**Brief**
Starting with the line containing "by linarith+" and going on through the line containing "by (simp flip: of_int_abs of_int_sum)", return the lines of the data below exactly, and only those.

(Collected data)
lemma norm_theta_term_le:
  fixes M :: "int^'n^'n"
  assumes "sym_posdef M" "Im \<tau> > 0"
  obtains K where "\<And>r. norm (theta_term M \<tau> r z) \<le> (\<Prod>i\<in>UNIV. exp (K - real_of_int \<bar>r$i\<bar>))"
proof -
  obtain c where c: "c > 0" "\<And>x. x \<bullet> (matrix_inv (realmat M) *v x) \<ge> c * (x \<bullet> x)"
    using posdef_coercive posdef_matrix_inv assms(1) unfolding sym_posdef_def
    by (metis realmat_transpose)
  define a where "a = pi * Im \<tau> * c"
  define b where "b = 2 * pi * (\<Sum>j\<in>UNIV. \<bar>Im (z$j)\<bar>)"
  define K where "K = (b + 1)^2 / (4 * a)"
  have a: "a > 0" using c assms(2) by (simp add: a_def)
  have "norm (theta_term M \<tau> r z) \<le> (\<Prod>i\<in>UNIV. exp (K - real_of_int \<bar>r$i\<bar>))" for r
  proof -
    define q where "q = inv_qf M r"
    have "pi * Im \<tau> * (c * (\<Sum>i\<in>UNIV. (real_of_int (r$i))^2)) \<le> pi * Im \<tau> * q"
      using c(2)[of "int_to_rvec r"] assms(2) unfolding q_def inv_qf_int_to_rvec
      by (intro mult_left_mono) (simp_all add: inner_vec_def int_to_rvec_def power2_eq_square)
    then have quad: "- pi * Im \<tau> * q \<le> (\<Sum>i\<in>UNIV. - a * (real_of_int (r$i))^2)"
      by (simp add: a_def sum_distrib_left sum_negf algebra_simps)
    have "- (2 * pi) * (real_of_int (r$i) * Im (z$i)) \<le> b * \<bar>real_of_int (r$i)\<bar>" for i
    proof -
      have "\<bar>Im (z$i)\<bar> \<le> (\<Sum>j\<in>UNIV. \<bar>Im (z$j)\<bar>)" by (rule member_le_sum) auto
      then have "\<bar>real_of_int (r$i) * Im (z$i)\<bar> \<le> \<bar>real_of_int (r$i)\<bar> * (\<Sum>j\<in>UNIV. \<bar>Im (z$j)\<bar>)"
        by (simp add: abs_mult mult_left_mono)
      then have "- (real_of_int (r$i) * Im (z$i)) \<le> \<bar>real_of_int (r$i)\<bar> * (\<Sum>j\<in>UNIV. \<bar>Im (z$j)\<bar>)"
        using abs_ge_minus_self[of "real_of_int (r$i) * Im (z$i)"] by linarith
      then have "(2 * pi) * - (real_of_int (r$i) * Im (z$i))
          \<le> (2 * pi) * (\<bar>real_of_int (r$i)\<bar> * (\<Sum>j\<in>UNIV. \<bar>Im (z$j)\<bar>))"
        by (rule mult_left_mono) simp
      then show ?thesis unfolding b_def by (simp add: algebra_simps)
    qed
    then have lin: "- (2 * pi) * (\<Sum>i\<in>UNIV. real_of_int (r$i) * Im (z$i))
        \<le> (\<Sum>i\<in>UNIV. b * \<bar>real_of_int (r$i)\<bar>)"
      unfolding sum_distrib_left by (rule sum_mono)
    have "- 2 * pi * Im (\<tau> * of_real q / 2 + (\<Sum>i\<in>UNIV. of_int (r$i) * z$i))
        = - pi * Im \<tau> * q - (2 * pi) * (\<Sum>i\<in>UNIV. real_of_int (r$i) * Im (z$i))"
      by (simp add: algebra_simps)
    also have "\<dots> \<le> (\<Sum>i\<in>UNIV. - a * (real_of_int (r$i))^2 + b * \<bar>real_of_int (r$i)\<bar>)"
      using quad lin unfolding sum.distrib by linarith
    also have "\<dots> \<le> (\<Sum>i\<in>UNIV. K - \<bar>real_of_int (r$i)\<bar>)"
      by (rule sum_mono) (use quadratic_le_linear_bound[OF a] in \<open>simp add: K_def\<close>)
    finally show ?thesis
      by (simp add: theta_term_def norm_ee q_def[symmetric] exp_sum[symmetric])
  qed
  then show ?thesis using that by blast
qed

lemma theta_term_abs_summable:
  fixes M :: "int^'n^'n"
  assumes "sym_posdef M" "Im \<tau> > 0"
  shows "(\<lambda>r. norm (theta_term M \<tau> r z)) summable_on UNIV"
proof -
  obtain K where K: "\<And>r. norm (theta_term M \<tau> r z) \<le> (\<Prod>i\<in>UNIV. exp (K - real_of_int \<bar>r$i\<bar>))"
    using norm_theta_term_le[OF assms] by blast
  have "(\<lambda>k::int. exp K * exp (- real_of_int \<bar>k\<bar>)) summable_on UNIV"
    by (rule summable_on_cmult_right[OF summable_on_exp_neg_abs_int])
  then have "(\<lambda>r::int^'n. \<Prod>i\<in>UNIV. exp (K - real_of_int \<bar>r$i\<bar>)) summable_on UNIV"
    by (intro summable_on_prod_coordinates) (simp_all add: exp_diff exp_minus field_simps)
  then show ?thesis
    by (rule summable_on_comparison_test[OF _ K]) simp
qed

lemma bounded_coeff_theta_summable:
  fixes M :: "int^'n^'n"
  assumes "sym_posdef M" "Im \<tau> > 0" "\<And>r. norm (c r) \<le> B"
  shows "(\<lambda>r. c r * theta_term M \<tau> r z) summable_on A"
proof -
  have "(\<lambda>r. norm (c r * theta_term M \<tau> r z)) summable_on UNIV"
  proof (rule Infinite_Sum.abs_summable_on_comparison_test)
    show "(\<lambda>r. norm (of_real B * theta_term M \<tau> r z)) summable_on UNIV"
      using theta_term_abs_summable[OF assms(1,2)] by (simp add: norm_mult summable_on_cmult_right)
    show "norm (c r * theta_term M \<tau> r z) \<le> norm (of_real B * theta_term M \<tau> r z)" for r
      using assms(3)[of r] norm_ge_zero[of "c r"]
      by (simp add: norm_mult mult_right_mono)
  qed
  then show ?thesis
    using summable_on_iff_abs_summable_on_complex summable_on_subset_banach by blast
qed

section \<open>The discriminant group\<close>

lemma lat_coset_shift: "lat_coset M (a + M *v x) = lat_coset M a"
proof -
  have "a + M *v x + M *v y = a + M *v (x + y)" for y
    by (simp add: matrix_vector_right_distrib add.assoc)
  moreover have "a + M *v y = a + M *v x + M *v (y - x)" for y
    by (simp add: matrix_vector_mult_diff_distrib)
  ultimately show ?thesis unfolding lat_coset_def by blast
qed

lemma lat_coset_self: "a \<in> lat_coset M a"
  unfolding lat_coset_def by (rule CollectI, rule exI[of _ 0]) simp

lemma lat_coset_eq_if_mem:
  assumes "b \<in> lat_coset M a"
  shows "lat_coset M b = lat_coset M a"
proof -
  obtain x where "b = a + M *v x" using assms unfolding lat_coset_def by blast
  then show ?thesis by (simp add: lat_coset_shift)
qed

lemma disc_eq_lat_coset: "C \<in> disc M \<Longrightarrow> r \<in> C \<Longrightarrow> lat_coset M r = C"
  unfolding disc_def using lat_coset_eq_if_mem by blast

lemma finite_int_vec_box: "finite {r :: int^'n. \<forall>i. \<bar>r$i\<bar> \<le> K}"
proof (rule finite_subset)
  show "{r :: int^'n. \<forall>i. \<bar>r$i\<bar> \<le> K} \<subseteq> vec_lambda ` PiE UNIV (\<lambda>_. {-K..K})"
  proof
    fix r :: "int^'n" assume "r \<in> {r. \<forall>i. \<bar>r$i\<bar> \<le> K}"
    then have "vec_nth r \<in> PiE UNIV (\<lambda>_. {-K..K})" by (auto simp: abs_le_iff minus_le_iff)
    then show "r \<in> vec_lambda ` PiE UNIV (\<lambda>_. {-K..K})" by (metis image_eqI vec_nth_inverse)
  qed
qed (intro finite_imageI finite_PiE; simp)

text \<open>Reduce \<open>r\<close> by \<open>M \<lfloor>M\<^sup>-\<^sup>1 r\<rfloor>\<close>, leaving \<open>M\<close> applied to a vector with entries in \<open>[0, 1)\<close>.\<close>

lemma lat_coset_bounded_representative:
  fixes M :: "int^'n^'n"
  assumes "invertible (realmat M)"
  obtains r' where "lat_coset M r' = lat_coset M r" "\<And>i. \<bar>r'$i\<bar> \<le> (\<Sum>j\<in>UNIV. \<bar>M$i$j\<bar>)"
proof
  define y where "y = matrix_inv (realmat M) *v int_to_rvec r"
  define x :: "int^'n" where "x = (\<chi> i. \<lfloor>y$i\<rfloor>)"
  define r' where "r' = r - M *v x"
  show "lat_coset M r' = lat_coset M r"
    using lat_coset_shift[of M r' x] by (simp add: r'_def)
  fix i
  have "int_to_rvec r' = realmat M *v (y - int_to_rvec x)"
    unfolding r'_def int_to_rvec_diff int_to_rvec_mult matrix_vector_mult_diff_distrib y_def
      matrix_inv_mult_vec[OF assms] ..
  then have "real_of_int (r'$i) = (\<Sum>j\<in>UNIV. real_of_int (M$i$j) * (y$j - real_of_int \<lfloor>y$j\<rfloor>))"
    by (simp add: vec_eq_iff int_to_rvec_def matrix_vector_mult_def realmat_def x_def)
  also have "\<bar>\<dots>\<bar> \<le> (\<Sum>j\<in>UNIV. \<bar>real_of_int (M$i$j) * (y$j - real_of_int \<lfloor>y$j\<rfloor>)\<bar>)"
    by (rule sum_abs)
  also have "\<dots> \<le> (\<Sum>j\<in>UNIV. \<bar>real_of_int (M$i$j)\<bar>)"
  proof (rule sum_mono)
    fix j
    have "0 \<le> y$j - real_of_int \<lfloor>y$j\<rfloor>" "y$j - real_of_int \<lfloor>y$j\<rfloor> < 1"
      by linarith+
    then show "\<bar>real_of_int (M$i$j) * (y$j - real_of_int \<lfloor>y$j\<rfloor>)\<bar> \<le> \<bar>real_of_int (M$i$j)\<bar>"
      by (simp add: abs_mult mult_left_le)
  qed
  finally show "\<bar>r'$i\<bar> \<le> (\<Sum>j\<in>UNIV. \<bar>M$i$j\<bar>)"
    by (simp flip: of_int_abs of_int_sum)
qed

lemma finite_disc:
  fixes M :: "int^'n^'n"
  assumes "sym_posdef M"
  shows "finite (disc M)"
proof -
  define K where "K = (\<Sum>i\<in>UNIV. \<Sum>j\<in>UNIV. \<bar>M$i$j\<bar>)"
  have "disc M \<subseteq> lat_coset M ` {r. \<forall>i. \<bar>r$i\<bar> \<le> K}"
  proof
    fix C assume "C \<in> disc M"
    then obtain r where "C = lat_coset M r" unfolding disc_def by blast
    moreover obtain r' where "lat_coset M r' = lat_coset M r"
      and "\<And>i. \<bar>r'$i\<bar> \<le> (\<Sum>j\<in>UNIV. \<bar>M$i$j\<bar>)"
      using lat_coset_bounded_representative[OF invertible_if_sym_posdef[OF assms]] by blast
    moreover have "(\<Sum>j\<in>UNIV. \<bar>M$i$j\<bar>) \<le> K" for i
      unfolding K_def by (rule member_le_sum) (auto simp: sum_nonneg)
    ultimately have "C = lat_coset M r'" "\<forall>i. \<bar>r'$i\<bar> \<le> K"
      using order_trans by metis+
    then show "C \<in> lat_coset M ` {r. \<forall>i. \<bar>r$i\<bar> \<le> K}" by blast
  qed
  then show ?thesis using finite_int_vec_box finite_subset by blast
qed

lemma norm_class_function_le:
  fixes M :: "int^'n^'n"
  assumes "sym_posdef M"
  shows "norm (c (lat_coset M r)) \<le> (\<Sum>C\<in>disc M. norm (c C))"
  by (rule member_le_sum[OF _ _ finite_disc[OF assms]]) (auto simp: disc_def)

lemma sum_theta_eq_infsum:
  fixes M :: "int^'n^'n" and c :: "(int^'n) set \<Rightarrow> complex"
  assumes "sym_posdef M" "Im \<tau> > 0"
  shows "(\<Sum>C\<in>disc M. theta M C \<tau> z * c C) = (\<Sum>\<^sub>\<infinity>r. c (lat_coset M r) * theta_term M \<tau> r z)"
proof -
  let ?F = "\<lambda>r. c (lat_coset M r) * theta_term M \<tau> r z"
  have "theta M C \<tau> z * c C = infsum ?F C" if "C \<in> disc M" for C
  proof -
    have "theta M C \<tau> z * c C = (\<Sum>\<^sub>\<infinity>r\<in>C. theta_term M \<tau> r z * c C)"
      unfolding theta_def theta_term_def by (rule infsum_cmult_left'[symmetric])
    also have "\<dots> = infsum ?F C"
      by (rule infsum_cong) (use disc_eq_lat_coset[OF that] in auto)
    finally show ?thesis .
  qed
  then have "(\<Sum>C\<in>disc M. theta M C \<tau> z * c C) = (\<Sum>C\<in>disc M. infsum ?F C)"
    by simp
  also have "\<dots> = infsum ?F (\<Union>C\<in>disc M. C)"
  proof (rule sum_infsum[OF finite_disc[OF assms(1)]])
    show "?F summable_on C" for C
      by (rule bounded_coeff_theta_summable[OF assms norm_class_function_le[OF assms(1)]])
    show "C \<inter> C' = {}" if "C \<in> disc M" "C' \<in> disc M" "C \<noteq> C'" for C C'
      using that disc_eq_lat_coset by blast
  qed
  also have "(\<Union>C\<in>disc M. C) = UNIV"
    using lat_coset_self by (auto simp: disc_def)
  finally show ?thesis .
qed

**Task output**
      by linarith+
    then show "\<bar>real_of_int (M$i$j) * (y$j - real_of_int \<lfloor>y$j\<rfloor>)\<bar> \<le> \<bar>real_of_int (M$i$j)\<bar>"
      by (simp add: abs_mult mult_left_le)
  qed
  finally show "\<bar>r'$i\<bar> \<le> (\<Sum>j\<in>UNIV. \<bar>M$i$j\<bar>)"
    by (simp flip: of_int_abs of_int_sum)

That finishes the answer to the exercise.